text \<open>Both endpoints of a grid edge are grid vertices, so complementing the side of a
  cut inside the vertex set does not change its cutset.\<close>
lemma grid_edge_endpoints:
  assumes "e \<in> grid_edges k"
  obtains x y where "e = {x, y}" "x \<noteq> y" "x \<in> grid_vertices k" "y \<in> grid_vertices k"
  using assms
proof (cases rule: grid_edges_cases)
  case (vterm j)
  show ?thesis by (rule that[of "V j" "U 1 j"]) (use vterm in \<open>auto simp: grid_vertices_def\<close>)
next
  case (hterm i)
  show ?thesis by (rule that[of "H i" "U i 1"]) (use hterm in \<open>auto simp: grid_vertices_def\<close>)
next
  case (vert i j)
  show ?thesis
    by (rule that[of "U i j" "U (Suc i) j"]) (use vert in \<open>auto simp: grid_vertices_def vedge_def\<close>)
next
  case (horiz i j)
  show ?thesis
    by (rule that[of "U i j" "U i (Suc j)"]) (use horiz in \<open>auto simp: grid_vertices_def hedge_def\<close>)
qed

lemma cutset_complement: "cutset k (grid_vertices k - W) = cutset k W"
proof -
  have "card (e \<inter> (grid_vertices k - W)) = 1 \<longleftrightarrow> card (e \<inter> W) = 1" if e: "e \<in> grid_edges k" for e
  proof -
    obtain x y where "e = {x, y}" "x \<noteq> y" "x \<in> grid_vertices k" "y \<in> grid_vertices k"
      using grid_edge_endpoints[OF e] by blast
    then show ?thesis using crosses_pair[of x y W] crosses_pair[of x y "grid_vertices k - W"] by simp
  qed
  then show ?thesis unfolding cutset_def by blast
qed

lemma separating_side:
  assumes "separating k S W" "S \<subseteq> terminals k"
  obtains X where "X \<inter> terminals k = S" "cutset k X = cutset k W"
proof (cases "W \<inter> terminals k = S")
  case False
  then have "W \<inter> terminals k = terminals k - S" using assms(1) unfolding separating_def by blast
  moreover have "terminals k \<subseteq> grid_vertices k" unfolding terminals_def grid_vertices_def by blast
  ultimately have "(grid_vertices k - W) \<inter> terminals k = S" using assms(2) by blast
  then show ?thesis using that cutset_complement by blast
qed (use that in blast)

• [What is being asked] Search the data for the string "assumes" and copy out every line where it is found.

• [Written answer]
  assumes "e \<in> grid_edges k"
  assumes "separating k S W" "S \<subseteq> terminals k"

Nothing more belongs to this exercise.